#### Requirement:
Among these records, which lines include "denom"? Copy them out.

────────────────

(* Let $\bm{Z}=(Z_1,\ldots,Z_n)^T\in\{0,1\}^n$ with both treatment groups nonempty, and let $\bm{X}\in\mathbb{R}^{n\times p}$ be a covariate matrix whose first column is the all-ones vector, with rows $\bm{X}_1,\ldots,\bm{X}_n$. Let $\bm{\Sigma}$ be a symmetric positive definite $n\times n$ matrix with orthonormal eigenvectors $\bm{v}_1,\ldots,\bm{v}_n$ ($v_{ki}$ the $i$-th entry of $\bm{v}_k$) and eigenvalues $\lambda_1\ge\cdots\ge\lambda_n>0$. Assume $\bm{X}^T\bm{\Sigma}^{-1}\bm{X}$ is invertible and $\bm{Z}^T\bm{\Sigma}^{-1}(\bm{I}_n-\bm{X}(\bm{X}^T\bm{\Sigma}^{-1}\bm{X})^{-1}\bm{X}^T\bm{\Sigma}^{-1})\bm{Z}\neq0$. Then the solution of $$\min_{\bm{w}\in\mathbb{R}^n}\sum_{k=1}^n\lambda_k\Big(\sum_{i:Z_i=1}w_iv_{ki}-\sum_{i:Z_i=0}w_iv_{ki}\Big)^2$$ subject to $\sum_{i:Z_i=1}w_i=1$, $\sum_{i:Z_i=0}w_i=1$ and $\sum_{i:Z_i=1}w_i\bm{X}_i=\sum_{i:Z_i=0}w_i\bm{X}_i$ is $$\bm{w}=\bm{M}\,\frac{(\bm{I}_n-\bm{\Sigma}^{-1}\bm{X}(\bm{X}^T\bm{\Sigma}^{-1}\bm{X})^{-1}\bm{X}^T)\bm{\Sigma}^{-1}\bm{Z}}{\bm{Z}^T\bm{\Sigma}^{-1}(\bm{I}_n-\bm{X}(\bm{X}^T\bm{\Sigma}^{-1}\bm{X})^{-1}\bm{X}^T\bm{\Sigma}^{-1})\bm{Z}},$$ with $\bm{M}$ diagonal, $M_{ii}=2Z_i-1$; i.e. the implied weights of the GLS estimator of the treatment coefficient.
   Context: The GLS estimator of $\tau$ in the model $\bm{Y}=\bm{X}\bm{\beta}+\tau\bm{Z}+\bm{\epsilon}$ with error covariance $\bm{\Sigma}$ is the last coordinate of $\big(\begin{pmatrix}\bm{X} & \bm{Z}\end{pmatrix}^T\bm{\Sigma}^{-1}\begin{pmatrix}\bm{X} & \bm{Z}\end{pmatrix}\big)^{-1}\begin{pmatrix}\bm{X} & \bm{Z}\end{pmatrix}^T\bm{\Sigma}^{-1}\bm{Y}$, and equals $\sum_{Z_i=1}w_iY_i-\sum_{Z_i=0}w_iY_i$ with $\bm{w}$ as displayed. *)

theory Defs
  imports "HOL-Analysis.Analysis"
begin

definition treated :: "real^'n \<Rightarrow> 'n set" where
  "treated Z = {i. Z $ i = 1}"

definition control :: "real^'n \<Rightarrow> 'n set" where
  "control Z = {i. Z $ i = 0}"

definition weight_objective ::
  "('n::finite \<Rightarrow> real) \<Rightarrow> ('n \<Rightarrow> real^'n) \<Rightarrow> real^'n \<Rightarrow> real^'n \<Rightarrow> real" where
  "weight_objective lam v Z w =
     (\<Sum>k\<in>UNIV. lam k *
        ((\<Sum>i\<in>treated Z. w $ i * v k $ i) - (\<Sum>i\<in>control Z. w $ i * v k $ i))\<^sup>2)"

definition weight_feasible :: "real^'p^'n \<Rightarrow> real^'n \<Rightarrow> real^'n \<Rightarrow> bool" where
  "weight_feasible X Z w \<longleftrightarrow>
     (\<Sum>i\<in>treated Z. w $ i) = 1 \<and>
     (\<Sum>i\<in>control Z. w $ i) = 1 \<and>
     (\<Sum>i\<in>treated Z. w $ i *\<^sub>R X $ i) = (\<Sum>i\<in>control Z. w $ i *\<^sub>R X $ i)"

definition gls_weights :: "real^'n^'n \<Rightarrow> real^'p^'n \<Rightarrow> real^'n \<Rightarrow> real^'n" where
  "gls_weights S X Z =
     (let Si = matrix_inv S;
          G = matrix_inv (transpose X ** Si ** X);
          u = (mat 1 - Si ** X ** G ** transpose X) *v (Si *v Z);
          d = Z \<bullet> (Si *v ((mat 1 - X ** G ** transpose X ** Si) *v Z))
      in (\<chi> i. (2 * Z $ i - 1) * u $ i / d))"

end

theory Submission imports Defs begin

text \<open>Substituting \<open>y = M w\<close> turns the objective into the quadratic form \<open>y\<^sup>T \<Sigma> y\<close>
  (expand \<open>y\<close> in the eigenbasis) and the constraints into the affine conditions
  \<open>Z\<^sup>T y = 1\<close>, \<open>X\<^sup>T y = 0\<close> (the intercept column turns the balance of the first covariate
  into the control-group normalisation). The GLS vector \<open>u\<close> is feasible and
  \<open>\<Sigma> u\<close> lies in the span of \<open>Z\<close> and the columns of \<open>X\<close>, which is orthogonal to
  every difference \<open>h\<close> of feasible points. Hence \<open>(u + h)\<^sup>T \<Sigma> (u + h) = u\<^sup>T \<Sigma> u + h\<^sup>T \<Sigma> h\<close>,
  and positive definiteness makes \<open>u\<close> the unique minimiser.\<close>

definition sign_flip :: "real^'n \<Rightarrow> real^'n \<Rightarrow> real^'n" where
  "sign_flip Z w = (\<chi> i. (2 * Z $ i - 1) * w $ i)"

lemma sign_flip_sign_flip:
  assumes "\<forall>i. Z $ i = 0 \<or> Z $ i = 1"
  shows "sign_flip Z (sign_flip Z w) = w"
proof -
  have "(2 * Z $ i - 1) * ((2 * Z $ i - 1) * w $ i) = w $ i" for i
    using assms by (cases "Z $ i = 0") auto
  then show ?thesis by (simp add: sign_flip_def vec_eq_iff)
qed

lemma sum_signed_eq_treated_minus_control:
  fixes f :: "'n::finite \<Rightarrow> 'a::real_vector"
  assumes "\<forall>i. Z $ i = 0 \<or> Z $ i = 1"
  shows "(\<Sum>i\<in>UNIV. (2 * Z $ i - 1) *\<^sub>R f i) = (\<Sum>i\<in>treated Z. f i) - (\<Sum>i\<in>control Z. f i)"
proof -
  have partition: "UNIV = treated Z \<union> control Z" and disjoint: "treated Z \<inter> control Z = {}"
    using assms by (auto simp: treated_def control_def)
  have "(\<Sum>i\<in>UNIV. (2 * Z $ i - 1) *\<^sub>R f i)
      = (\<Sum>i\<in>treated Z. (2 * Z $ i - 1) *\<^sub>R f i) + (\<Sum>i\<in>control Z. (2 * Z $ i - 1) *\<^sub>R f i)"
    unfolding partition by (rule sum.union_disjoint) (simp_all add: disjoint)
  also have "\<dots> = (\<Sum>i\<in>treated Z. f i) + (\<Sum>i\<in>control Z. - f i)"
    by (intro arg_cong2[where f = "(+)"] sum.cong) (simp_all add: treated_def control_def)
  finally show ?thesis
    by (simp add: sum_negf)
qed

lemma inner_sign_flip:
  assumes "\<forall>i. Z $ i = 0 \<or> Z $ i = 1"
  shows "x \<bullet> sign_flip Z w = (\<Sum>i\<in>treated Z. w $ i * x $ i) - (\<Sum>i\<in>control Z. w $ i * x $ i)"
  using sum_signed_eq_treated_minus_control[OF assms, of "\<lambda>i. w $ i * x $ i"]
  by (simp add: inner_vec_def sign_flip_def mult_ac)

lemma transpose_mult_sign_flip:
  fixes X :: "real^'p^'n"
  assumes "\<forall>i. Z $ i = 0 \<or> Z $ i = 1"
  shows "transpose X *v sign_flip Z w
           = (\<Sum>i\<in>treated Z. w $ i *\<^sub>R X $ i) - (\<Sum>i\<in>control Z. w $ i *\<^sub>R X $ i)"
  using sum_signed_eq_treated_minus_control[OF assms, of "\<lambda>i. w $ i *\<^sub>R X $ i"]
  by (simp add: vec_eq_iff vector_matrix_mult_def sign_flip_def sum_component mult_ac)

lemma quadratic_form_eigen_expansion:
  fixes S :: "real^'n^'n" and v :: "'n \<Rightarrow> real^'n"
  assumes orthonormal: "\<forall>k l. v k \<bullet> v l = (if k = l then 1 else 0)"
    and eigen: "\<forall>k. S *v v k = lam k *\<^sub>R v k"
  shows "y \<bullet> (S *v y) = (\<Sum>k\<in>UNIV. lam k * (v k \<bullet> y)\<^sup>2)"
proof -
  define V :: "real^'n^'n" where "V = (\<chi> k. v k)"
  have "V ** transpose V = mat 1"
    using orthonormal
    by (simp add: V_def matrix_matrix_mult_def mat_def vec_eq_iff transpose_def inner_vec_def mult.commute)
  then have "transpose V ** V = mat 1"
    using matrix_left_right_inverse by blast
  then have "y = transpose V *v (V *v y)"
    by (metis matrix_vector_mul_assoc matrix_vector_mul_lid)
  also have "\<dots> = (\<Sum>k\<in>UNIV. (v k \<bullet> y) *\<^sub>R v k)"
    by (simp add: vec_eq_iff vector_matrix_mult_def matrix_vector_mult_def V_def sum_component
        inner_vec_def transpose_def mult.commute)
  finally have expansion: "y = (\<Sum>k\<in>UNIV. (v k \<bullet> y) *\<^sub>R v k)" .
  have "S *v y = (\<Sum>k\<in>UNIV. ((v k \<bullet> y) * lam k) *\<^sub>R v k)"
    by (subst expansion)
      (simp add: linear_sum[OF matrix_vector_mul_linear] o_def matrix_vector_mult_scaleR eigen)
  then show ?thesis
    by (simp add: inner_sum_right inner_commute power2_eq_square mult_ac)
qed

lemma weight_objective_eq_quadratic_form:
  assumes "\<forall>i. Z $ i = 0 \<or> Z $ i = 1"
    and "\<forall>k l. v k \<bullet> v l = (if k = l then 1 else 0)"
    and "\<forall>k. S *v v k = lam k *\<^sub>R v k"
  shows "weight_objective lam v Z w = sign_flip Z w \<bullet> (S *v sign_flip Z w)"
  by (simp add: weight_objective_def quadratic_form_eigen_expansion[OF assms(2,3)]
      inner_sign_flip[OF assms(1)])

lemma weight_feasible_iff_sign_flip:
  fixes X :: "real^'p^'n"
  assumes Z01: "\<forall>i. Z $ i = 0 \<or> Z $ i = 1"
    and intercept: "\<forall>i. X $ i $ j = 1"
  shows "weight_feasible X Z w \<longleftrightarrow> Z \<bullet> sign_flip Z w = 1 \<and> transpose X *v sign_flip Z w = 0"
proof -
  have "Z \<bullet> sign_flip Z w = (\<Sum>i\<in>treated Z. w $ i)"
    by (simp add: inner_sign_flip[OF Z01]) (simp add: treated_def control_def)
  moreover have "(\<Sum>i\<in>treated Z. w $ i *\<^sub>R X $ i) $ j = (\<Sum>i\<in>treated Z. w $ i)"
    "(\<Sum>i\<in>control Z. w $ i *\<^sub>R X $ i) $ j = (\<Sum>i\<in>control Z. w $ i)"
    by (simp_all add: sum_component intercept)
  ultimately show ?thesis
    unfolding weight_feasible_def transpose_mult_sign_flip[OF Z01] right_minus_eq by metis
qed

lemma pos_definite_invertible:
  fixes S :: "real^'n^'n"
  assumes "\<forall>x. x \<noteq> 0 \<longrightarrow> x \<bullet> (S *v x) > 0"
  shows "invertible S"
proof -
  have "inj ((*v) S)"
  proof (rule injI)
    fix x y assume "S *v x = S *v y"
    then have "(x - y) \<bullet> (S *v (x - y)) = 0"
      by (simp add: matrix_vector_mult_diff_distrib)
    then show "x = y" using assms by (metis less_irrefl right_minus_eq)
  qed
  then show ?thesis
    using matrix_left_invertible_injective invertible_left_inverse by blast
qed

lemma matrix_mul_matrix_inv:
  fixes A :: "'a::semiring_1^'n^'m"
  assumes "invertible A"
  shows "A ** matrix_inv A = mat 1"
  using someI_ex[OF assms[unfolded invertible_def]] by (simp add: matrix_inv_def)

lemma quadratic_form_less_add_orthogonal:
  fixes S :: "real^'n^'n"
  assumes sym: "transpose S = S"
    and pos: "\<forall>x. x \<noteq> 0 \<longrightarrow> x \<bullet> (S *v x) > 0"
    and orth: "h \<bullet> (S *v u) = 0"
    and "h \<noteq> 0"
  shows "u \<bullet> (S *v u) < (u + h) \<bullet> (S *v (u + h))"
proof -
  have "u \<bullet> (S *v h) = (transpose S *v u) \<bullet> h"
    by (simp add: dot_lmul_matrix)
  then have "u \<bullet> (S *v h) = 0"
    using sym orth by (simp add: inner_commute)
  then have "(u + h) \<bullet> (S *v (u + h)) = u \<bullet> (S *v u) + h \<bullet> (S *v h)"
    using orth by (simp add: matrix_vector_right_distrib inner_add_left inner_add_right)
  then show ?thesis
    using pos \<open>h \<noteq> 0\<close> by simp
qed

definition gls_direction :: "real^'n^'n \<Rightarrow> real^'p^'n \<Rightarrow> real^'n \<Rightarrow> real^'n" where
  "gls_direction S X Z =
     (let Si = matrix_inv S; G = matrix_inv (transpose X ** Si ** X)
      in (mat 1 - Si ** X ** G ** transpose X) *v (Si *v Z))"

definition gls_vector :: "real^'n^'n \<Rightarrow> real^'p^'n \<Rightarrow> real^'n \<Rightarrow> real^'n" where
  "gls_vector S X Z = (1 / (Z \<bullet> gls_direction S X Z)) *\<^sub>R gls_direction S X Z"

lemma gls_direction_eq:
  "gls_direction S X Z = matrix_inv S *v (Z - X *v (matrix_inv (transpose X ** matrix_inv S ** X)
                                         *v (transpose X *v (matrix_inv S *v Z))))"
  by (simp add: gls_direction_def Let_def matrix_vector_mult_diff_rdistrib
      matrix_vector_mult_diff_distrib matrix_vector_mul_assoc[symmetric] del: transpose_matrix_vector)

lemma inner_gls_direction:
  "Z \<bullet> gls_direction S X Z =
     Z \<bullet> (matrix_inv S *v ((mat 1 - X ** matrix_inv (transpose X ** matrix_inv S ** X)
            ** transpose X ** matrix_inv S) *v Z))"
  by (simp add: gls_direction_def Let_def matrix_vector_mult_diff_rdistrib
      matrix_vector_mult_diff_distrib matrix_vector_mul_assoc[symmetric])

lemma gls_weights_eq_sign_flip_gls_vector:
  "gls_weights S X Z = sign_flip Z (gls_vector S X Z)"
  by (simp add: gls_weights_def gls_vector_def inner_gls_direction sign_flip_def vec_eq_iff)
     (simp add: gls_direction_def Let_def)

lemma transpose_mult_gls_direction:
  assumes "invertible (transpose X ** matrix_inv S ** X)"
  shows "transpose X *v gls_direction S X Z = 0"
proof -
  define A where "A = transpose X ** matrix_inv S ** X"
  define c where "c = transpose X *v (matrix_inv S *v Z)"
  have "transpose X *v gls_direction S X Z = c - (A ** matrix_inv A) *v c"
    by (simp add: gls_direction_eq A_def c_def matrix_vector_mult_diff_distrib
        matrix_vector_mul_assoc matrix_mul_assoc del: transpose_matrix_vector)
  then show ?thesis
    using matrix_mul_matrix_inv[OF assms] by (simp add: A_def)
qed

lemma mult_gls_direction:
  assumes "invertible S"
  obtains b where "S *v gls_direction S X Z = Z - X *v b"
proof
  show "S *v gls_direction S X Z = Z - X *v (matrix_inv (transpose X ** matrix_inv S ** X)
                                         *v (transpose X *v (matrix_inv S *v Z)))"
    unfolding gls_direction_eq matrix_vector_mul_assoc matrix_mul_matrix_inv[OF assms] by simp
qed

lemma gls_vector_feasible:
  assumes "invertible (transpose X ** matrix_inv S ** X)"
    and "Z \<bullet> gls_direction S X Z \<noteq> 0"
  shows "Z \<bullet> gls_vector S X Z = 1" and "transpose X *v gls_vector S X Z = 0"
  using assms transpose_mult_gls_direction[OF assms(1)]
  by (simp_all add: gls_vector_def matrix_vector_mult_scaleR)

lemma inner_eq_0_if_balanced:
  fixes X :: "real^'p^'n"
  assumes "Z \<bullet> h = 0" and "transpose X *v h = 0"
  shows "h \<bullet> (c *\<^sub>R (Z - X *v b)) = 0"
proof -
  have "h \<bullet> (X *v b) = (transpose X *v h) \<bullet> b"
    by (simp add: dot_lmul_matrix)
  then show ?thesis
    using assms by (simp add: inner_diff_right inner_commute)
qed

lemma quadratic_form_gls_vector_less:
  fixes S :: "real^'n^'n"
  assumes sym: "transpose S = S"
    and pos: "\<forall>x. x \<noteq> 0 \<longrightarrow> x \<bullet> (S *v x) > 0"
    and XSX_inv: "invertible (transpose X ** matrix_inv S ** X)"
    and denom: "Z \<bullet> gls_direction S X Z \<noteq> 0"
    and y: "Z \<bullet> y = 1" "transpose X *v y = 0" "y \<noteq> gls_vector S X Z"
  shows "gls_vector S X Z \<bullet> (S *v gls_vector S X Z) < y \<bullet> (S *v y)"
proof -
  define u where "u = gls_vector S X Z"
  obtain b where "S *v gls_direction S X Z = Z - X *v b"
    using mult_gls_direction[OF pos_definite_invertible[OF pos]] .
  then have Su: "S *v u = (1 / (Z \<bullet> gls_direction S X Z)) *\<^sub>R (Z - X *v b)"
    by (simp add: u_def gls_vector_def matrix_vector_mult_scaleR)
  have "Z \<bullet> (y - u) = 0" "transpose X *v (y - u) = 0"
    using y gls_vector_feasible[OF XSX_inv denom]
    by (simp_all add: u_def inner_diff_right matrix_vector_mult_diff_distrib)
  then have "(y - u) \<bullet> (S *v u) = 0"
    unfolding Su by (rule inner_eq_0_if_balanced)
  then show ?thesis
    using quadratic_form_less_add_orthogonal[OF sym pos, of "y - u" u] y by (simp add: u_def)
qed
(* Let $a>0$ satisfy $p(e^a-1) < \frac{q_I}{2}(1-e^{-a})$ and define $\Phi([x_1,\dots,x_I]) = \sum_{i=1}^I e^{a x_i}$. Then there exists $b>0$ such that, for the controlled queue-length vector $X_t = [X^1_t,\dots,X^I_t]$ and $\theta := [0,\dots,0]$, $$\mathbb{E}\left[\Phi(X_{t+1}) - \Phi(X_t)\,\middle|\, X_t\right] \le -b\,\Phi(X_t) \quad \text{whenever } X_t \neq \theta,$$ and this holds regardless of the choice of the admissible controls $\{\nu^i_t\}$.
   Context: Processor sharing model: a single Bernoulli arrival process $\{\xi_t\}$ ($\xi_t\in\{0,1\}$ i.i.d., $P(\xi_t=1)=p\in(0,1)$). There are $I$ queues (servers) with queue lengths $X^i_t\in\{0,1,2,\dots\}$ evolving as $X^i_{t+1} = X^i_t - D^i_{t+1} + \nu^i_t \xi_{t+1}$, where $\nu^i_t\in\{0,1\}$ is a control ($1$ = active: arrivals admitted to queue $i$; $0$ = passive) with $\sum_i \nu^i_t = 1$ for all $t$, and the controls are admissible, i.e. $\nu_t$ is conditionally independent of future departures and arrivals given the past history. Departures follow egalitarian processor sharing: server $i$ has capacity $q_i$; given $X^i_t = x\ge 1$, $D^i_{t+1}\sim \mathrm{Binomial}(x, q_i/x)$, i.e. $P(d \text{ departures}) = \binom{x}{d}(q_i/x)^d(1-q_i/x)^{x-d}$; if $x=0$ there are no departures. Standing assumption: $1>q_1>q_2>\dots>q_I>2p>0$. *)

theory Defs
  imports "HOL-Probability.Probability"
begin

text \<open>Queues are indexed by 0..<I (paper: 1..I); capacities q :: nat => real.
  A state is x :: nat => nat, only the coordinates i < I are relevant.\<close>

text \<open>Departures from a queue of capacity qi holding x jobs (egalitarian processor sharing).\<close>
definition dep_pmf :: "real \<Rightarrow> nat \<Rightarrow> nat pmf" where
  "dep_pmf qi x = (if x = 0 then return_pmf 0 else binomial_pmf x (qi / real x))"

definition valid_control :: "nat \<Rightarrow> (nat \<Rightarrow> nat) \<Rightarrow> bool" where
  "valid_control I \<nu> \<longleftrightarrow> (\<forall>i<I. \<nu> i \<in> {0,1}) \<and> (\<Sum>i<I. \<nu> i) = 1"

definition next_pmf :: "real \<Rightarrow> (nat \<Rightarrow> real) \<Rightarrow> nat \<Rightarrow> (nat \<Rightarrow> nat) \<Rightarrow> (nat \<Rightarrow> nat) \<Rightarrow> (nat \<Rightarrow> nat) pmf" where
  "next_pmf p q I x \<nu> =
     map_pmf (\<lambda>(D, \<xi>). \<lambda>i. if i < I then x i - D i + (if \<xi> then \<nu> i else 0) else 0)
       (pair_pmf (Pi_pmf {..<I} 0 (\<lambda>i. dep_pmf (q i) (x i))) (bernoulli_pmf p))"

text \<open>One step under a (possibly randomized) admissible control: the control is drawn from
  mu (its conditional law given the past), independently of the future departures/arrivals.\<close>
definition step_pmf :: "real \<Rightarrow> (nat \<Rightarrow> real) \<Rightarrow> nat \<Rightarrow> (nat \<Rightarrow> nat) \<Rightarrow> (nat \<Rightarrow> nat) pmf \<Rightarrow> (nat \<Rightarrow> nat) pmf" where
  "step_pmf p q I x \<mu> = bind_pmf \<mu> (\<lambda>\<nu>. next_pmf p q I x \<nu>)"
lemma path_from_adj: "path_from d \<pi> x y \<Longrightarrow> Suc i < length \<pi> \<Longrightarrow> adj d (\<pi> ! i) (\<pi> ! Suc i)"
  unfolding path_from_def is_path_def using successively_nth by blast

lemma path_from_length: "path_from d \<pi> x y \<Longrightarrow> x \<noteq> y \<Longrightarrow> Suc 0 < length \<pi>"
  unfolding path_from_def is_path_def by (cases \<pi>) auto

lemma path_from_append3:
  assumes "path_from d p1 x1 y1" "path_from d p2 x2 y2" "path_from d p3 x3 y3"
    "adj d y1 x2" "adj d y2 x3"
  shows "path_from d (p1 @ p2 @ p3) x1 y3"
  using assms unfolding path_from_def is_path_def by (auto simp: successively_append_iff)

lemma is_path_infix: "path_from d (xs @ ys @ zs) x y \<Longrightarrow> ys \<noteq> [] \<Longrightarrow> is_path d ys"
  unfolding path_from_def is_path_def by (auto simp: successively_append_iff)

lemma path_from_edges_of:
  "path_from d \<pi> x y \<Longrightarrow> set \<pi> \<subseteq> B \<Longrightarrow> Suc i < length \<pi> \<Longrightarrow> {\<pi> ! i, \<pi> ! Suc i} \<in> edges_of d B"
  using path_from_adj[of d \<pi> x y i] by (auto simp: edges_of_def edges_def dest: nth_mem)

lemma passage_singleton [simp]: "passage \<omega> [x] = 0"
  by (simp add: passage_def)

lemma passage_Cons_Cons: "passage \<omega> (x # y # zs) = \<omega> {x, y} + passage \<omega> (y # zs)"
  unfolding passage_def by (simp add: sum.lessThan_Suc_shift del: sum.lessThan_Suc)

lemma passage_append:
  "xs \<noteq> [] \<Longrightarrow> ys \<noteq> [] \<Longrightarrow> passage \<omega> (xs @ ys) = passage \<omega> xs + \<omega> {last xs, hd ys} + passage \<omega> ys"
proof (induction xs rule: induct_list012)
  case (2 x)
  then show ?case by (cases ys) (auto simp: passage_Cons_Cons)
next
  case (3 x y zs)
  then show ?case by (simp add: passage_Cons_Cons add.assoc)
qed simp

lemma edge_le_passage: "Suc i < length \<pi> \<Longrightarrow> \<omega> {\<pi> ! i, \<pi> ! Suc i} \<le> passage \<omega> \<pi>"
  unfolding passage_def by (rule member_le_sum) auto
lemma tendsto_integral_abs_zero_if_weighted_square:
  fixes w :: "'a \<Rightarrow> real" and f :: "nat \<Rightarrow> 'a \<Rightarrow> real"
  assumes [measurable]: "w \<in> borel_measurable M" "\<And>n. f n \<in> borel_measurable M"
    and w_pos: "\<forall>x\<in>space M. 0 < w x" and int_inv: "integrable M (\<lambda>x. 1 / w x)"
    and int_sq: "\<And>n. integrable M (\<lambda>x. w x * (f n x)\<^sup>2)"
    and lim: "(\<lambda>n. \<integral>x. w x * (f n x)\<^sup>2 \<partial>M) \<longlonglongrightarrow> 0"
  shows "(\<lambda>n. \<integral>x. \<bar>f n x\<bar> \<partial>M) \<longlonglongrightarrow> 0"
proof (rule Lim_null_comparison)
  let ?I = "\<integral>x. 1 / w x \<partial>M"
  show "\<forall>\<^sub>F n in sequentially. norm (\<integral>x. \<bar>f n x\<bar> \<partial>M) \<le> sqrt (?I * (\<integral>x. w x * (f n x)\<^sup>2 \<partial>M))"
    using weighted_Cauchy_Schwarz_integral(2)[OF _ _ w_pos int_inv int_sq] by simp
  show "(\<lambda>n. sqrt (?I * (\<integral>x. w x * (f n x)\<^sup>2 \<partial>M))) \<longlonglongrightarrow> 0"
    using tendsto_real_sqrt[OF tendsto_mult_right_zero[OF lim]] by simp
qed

────────────────

#### Problem solution:
    and denom: "Z \<bullet> gls_direction S X Z \<noteq> 0"
    using y gls_vector_feasible[OF XSX_inv denom]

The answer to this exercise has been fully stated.